(Items from a data source)
^^^^
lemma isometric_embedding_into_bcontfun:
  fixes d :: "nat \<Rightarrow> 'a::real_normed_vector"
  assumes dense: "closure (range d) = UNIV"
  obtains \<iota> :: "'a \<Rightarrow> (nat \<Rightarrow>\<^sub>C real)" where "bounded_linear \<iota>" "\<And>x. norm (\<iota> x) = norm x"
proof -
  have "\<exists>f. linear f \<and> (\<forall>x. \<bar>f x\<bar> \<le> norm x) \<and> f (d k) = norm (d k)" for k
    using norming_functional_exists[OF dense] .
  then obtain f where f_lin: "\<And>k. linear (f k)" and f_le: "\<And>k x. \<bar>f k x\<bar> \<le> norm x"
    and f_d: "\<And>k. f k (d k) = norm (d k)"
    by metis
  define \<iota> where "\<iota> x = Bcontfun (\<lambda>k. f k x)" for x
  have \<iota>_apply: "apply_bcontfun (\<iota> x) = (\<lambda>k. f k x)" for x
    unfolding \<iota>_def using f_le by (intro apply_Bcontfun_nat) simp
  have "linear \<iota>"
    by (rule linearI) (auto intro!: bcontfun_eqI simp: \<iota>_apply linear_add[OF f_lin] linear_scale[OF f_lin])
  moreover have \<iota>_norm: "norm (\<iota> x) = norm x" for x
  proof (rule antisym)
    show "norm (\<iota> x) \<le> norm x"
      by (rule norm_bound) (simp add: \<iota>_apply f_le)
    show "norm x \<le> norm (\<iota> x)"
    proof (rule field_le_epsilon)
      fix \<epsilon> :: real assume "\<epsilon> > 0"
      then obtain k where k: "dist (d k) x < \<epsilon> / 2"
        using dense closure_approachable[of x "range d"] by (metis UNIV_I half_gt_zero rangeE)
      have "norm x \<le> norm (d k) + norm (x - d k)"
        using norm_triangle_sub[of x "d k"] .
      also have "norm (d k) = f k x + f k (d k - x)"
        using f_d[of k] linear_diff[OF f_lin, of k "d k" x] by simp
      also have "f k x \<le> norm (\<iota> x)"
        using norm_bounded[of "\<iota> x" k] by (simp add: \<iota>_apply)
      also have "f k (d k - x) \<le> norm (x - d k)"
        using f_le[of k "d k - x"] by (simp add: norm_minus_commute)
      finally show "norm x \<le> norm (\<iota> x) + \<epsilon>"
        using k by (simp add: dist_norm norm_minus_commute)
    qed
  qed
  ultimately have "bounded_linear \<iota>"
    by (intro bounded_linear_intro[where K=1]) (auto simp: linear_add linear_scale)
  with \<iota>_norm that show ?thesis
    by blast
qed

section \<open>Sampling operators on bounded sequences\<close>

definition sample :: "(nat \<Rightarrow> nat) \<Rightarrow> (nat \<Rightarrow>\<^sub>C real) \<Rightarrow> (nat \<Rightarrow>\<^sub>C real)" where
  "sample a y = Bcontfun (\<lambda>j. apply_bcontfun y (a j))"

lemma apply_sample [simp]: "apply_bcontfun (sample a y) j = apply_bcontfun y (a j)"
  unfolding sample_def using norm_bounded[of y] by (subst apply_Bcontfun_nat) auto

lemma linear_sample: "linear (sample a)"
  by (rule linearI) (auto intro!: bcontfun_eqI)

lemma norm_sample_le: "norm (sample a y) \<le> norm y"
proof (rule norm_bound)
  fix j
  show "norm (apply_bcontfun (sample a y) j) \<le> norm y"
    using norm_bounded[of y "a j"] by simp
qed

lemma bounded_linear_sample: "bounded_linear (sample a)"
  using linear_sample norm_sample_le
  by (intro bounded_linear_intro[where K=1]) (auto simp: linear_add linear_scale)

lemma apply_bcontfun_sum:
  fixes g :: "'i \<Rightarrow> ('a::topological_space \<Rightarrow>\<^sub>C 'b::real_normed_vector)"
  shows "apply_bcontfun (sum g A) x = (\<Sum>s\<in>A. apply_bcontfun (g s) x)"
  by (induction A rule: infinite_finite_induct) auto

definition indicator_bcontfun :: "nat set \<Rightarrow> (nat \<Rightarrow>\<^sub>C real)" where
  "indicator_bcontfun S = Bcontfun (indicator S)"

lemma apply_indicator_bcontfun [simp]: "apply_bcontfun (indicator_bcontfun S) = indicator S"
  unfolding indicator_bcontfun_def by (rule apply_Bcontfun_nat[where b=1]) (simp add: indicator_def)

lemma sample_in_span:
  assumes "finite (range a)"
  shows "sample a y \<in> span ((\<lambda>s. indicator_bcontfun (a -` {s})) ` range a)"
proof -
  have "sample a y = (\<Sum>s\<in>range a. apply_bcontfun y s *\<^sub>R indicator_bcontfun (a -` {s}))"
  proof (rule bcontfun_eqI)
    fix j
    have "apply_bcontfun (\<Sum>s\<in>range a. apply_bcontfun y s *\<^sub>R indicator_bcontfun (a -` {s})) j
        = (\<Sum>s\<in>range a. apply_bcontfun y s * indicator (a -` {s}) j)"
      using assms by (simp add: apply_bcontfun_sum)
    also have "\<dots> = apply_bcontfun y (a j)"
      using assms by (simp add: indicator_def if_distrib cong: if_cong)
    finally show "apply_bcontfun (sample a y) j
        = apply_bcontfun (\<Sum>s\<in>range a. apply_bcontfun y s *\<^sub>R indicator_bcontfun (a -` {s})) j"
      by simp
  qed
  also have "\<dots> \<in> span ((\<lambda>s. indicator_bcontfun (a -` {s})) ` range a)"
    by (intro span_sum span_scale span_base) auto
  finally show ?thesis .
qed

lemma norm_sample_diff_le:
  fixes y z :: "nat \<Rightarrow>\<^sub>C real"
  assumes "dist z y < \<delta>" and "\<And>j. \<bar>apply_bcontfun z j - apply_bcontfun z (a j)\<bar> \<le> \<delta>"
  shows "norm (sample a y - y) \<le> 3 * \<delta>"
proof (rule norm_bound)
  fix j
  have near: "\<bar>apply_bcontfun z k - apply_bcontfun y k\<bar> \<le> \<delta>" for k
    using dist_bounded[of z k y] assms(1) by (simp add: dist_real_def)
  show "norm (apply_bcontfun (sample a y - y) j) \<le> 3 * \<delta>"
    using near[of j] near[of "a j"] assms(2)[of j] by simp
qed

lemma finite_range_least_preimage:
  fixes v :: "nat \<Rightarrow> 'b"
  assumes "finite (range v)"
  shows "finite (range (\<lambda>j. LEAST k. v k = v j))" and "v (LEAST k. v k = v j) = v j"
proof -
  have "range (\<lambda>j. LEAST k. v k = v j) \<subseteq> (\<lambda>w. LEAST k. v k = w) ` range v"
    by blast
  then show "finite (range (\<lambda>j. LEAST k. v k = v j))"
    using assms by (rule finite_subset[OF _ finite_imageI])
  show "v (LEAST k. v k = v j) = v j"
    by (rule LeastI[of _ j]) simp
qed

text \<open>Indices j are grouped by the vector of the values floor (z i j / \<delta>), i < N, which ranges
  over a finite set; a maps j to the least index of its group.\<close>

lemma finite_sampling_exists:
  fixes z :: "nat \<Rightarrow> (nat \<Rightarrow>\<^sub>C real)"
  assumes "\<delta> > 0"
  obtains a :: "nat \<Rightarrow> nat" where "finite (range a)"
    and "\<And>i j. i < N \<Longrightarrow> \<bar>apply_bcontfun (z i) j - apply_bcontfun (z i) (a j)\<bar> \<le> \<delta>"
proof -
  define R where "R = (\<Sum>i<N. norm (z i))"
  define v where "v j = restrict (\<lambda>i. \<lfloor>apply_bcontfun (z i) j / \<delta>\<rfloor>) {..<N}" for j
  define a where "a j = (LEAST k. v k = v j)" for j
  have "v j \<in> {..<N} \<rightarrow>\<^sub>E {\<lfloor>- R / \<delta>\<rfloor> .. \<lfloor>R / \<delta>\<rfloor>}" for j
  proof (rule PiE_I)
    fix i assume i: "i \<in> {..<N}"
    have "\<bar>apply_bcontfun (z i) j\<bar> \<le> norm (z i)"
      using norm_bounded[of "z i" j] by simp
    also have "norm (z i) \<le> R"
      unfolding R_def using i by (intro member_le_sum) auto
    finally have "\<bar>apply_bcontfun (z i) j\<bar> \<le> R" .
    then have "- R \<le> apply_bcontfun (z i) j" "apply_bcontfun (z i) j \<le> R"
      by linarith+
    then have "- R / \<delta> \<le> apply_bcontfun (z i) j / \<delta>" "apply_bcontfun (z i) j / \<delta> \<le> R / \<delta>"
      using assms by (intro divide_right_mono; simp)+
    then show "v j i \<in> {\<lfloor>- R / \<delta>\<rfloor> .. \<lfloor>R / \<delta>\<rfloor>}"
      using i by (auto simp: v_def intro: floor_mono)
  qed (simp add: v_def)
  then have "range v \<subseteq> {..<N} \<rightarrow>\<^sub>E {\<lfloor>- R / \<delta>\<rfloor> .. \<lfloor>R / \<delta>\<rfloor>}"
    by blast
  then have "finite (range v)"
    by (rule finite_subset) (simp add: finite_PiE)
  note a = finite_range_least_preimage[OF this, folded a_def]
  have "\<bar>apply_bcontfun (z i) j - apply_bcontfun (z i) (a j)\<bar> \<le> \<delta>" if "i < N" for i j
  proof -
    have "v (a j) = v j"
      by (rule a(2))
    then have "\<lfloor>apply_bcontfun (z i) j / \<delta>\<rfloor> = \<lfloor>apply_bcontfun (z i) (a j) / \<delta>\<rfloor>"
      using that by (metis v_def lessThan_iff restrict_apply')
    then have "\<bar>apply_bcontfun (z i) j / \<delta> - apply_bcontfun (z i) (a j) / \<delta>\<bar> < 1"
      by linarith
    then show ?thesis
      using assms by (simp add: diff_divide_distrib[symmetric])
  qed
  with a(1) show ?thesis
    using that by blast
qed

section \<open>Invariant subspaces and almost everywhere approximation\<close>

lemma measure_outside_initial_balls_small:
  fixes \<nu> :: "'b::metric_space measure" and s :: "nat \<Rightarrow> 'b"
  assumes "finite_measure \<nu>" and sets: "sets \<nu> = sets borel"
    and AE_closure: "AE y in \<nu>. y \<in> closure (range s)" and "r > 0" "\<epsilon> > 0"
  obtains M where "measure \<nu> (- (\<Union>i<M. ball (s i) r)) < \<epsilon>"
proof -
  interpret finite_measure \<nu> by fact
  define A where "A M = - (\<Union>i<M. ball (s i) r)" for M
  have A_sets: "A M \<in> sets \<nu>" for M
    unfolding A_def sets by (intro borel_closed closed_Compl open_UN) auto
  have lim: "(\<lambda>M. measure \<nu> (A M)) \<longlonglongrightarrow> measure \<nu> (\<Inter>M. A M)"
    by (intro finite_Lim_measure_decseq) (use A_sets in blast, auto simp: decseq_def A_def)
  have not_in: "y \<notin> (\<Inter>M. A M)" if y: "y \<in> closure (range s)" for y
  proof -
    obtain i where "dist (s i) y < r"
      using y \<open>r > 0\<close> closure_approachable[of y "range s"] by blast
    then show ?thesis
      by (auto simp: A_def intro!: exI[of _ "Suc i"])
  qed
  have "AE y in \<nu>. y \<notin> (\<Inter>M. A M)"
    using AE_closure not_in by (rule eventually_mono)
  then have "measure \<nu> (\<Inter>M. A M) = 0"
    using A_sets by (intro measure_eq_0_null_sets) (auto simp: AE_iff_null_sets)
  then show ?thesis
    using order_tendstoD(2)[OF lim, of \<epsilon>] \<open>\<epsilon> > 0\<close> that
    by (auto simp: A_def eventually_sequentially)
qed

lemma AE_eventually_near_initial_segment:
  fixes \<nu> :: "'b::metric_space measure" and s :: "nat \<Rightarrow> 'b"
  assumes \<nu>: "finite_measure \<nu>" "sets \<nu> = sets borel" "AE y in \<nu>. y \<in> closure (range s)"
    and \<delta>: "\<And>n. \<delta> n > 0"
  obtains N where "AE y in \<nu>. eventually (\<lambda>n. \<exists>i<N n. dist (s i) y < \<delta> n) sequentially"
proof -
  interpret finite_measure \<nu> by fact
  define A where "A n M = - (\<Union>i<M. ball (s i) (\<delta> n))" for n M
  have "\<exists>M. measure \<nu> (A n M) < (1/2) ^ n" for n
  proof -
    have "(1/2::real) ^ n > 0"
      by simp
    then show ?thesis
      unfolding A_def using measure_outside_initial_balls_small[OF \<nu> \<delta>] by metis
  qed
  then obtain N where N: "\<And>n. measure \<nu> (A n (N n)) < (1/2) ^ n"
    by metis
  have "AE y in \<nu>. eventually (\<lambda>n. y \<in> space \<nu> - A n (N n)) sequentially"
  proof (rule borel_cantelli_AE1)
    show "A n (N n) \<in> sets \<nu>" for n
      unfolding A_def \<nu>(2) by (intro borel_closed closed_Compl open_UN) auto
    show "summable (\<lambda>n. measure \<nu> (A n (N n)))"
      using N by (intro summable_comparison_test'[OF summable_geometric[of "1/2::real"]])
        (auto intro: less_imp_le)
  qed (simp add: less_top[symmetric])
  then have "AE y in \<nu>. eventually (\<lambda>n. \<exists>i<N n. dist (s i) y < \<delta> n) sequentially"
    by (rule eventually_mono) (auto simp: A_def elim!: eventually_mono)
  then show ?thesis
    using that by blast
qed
^^^^
Task item: The reply must hold exactly the lines from the one containing "(auto intro: less_imp_le)" to the last line of the entries, and nothing more.

Answer box:
        (auto intro: less_imp_le)
  qed (simp add: less_top[symmetric])
  then have "AE y in \<nu>. eventually (\<lambda>n. \<exists>i<N n. dist (s i) y < \<delta> n) sequentially"
    by (rule eventually_mono) (auto simp: A_def elim!: eventually_mono)
  then show ?thesis
    using that by blast
qed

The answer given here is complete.